> **Exercise requirements**:
In the records below, the line with "P (\<lambda>\<omega>. indicator" opens the range and the line with "using K_x[of x]" closes it; print that range exactly and nothing else.

> **Extracted records**:
╔══

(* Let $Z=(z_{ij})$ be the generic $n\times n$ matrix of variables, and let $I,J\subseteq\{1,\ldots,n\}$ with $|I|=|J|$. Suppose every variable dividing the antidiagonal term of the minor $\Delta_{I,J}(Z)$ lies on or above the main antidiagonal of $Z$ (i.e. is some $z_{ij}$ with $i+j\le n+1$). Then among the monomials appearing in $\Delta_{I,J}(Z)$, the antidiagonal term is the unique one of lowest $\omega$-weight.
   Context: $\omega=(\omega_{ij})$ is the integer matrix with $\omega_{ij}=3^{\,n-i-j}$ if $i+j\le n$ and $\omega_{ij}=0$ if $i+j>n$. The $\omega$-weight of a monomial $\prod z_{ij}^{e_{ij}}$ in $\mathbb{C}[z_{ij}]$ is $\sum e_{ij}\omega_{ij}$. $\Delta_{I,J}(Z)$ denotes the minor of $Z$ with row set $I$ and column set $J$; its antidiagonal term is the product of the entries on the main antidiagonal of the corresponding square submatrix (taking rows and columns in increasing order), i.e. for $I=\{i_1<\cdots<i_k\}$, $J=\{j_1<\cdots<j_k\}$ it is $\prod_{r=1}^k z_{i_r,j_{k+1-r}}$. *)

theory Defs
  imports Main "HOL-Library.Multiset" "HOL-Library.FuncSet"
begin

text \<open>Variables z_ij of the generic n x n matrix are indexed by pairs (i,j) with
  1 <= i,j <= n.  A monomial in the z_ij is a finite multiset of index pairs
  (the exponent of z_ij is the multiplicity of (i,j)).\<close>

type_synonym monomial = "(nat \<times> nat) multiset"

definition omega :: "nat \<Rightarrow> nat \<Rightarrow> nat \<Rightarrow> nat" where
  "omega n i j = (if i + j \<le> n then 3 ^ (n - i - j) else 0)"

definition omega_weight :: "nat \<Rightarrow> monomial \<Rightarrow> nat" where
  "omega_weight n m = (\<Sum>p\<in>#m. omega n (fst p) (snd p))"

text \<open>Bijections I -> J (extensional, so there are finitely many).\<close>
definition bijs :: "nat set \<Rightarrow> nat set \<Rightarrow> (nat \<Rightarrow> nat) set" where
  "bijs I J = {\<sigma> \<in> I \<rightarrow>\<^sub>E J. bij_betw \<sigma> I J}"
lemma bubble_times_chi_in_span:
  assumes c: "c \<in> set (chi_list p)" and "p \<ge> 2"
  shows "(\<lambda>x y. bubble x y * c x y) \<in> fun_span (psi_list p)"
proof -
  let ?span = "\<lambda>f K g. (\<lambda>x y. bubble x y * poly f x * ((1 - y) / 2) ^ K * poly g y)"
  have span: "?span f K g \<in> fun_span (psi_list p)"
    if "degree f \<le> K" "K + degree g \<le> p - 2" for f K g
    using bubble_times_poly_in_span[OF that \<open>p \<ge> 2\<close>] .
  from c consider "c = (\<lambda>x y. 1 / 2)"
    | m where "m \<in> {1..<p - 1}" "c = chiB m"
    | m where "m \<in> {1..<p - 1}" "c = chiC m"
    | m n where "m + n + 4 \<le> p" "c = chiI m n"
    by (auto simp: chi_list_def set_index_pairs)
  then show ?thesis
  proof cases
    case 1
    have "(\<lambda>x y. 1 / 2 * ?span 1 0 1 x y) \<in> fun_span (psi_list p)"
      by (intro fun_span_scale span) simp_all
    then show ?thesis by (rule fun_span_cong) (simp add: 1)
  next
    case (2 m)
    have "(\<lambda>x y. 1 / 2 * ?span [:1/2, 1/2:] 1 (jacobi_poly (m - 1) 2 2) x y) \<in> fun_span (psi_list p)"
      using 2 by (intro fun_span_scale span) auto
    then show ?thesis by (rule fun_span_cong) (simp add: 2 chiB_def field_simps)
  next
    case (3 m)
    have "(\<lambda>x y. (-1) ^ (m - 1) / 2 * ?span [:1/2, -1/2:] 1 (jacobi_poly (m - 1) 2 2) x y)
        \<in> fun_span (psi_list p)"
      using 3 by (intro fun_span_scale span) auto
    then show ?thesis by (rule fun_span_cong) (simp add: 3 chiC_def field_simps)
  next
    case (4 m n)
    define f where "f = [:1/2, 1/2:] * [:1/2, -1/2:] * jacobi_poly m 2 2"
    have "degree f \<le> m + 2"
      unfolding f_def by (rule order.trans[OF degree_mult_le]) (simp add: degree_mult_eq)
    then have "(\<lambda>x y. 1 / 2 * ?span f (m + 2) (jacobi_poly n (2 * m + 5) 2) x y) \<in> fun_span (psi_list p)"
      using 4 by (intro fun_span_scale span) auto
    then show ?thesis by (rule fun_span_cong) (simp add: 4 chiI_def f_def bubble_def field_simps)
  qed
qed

╚══
╔══

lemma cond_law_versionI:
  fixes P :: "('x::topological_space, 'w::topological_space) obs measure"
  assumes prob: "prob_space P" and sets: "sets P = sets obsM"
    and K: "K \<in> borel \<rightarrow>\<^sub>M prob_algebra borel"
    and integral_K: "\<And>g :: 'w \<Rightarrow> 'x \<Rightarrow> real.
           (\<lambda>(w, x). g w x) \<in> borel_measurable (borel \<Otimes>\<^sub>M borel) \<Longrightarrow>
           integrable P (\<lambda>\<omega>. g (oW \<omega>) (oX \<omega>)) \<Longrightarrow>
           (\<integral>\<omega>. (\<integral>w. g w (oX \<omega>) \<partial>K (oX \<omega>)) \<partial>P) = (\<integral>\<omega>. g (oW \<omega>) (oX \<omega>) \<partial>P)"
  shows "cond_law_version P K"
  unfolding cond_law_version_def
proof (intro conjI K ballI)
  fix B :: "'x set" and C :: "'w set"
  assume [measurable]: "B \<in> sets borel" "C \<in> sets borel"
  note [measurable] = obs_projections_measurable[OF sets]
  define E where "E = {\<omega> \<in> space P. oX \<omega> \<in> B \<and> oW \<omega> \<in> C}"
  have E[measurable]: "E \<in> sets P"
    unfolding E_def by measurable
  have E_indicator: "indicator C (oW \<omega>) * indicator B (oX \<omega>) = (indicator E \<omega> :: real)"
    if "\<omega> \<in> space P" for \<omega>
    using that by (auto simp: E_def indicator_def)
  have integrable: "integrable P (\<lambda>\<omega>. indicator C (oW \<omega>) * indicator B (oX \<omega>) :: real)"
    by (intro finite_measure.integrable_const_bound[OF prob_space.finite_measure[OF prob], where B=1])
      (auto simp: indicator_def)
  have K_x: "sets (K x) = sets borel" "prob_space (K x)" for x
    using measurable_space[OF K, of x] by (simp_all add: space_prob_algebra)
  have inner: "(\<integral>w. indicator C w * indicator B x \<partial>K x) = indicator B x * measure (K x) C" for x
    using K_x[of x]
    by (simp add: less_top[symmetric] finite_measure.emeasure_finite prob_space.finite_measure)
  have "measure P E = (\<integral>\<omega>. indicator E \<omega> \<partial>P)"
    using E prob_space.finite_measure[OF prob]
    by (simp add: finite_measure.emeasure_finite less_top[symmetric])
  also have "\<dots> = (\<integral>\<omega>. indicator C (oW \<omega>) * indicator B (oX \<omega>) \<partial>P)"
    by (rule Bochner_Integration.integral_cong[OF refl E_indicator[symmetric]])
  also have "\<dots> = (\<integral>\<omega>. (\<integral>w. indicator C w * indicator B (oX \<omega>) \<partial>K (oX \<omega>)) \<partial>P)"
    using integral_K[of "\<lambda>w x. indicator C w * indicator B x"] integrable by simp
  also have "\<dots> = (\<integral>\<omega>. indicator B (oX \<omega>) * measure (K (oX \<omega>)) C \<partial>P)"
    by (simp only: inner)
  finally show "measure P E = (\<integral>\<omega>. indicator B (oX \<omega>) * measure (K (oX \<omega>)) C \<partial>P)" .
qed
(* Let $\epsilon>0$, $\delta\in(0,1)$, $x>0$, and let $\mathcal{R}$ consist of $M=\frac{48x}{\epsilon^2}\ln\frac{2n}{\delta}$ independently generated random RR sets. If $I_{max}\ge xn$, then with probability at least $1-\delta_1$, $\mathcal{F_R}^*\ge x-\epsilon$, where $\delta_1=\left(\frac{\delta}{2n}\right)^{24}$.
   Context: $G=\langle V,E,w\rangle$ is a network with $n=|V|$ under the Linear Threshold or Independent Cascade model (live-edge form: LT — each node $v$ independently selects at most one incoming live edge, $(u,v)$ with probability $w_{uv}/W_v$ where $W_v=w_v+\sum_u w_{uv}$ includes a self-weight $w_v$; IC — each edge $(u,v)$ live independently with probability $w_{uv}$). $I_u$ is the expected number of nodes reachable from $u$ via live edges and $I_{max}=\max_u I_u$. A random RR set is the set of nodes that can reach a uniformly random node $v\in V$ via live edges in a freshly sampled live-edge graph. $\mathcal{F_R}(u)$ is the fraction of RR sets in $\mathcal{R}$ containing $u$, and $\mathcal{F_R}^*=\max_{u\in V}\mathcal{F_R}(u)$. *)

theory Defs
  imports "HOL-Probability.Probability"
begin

╚══
╔══

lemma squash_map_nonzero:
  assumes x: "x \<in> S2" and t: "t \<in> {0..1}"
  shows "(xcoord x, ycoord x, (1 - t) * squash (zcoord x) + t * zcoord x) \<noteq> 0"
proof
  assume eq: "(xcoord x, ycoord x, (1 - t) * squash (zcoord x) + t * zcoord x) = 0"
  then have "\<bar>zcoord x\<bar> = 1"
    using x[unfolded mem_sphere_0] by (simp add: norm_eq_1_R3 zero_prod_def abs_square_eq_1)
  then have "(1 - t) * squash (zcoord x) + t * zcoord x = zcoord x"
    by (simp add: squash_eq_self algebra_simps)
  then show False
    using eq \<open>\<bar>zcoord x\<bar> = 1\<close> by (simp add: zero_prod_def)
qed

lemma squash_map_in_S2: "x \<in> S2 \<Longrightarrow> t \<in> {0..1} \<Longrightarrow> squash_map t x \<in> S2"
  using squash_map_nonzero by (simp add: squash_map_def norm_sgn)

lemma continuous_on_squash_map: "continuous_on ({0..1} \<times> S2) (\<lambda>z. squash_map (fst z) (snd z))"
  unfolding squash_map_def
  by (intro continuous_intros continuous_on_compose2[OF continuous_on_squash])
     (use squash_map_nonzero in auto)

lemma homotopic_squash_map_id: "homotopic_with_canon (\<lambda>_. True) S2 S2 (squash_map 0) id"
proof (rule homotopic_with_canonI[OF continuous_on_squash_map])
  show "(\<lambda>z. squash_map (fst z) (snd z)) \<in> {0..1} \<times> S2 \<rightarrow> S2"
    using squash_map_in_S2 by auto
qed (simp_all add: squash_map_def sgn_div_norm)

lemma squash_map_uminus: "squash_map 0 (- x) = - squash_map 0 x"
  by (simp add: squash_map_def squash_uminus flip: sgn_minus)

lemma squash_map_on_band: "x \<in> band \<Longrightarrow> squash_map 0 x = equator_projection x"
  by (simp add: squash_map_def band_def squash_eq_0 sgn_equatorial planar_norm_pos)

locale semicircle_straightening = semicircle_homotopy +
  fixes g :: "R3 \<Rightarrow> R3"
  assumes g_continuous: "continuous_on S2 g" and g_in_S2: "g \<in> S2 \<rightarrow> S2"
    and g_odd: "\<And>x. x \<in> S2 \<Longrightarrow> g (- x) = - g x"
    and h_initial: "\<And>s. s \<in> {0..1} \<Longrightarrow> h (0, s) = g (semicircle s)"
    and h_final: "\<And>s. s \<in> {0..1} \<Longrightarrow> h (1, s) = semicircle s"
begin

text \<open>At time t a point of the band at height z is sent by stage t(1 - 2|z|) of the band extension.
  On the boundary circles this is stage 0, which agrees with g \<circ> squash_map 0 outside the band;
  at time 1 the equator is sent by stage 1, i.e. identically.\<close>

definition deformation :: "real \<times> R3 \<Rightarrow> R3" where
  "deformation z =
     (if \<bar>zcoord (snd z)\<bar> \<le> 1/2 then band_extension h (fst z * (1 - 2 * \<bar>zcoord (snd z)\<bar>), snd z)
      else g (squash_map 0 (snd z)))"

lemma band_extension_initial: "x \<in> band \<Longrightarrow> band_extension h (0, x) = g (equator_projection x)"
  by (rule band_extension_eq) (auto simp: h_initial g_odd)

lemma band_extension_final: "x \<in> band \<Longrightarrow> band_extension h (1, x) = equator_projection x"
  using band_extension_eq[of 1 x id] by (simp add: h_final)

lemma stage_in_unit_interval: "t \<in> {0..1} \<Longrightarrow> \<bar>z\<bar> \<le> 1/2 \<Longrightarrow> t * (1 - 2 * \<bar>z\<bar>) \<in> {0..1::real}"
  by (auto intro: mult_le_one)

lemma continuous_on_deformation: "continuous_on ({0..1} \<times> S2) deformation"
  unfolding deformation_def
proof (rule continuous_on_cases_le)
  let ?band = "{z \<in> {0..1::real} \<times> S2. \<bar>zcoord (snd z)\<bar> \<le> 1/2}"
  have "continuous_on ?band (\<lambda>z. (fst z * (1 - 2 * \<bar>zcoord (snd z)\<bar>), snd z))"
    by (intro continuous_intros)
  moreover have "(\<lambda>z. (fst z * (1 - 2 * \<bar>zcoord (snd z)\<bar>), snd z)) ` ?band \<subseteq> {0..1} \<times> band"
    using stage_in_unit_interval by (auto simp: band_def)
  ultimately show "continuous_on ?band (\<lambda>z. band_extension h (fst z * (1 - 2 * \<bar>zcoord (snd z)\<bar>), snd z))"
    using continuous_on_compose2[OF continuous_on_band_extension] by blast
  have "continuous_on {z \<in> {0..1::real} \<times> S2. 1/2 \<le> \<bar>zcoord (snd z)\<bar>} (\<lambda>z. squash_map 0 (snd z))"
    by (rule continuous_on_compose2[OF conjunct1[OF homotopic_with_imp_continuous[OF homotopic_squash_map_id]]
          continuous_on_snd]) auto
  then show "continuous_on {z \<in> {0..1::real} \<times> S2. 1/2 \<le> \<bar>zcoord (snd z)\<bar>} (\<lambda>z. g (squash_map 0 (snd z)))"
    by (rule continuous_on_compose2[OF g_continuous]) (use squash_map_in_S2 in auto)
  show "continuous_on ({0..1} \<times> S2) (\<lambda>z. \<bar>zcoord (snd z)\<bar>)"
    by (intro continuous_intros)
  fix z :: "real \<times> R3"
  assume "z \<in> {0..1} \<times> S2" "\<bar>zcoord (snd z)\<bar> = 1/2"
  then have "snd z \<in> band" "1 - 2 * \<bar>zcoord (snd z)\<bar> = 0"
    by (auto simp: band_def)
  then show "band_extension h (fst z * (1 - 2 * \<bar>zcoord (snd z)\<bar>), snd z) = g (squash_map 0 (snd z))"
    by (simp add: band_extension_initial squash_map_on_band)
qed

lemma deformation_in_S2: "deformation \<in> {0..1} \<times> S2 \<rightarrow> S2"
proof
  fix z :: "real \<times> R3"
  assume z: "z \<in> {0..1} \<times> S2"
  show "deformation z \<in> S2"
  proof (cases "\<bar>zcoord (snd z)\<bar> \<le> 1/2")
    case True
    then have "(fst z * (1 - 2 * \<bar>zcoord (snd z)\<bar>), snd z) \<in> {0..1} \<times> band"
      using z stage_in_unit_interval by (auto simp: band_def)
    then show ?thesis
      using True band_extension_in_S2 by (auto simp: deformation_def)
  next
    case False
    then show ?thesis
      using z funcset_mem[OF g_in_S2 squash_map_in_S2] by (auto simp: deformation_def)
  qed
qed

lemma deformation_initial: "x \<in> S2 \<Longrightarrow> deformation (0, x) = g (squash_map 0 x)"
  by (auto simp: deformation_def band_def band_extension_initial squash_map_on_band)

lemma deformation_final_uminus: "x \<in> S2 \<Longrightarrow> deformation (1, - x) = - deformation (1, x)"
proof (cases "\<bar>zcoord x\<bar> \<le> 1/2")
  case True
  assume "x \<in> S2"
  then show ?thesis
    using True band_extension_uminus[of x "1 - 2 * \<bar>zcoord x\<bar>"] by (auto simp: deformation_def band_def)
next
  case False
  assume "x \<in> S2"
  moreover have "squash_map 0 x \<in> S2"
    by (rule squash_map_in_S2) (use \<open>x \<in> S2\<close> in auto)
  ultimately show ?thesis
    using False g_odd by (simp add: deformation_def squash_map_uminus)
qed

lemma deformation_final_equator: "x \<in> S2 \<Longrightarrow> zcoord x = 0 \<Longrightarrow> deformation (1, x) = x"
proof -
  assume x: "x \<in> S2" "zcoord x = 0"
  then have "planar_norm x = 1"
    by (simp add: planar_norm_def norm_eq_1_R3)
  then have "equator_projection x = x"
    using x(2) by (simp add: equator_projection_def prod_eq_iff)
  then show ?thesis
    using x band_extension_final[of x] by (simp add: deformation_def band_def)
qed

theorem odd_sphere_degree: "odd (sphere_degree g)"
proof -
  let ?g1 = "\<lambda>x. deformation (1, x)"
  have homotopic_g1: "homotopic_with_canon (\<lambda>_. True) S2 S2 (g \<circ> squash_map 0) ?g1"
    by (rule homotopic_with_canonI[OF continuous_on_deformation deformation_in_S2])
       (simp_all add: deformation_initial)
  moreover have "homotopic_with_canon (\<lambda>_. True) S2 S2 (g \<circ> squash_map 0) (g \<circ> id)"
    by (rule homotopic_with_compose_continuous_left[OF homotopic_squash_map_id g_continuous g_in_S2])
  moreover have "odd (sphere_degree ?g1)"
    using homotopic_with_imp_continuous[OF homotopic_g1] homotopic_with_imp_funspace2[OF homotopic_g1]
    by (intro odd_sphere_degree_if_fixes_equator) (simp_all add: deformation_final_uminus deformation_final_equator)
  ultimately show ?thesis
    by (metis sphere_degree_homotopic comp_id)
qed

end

╚══

> **Solution**:
  have integrable: "integrable P (\<lambda>\<omega>. indicator C (oW \<omega>) * indicator B (oX \<omega>) :: real)"
    by (intro finite_measure.integrable_const_bound[OF prob_space.finite_measure[OF prob], where B=1])
      (auto simp: indicator_def)
  have K_x: "sets (K x) = sets borel" "prob_space (K x)" for x
    using measurable_space[OF K, of x] by (simp_all add: space_prob_algebra)
  have inner: "(\<integral>w. indicator C w * indicator B x \<partial>K x) = indicator B x * measure (K x) C" for x
    using K_x[of x]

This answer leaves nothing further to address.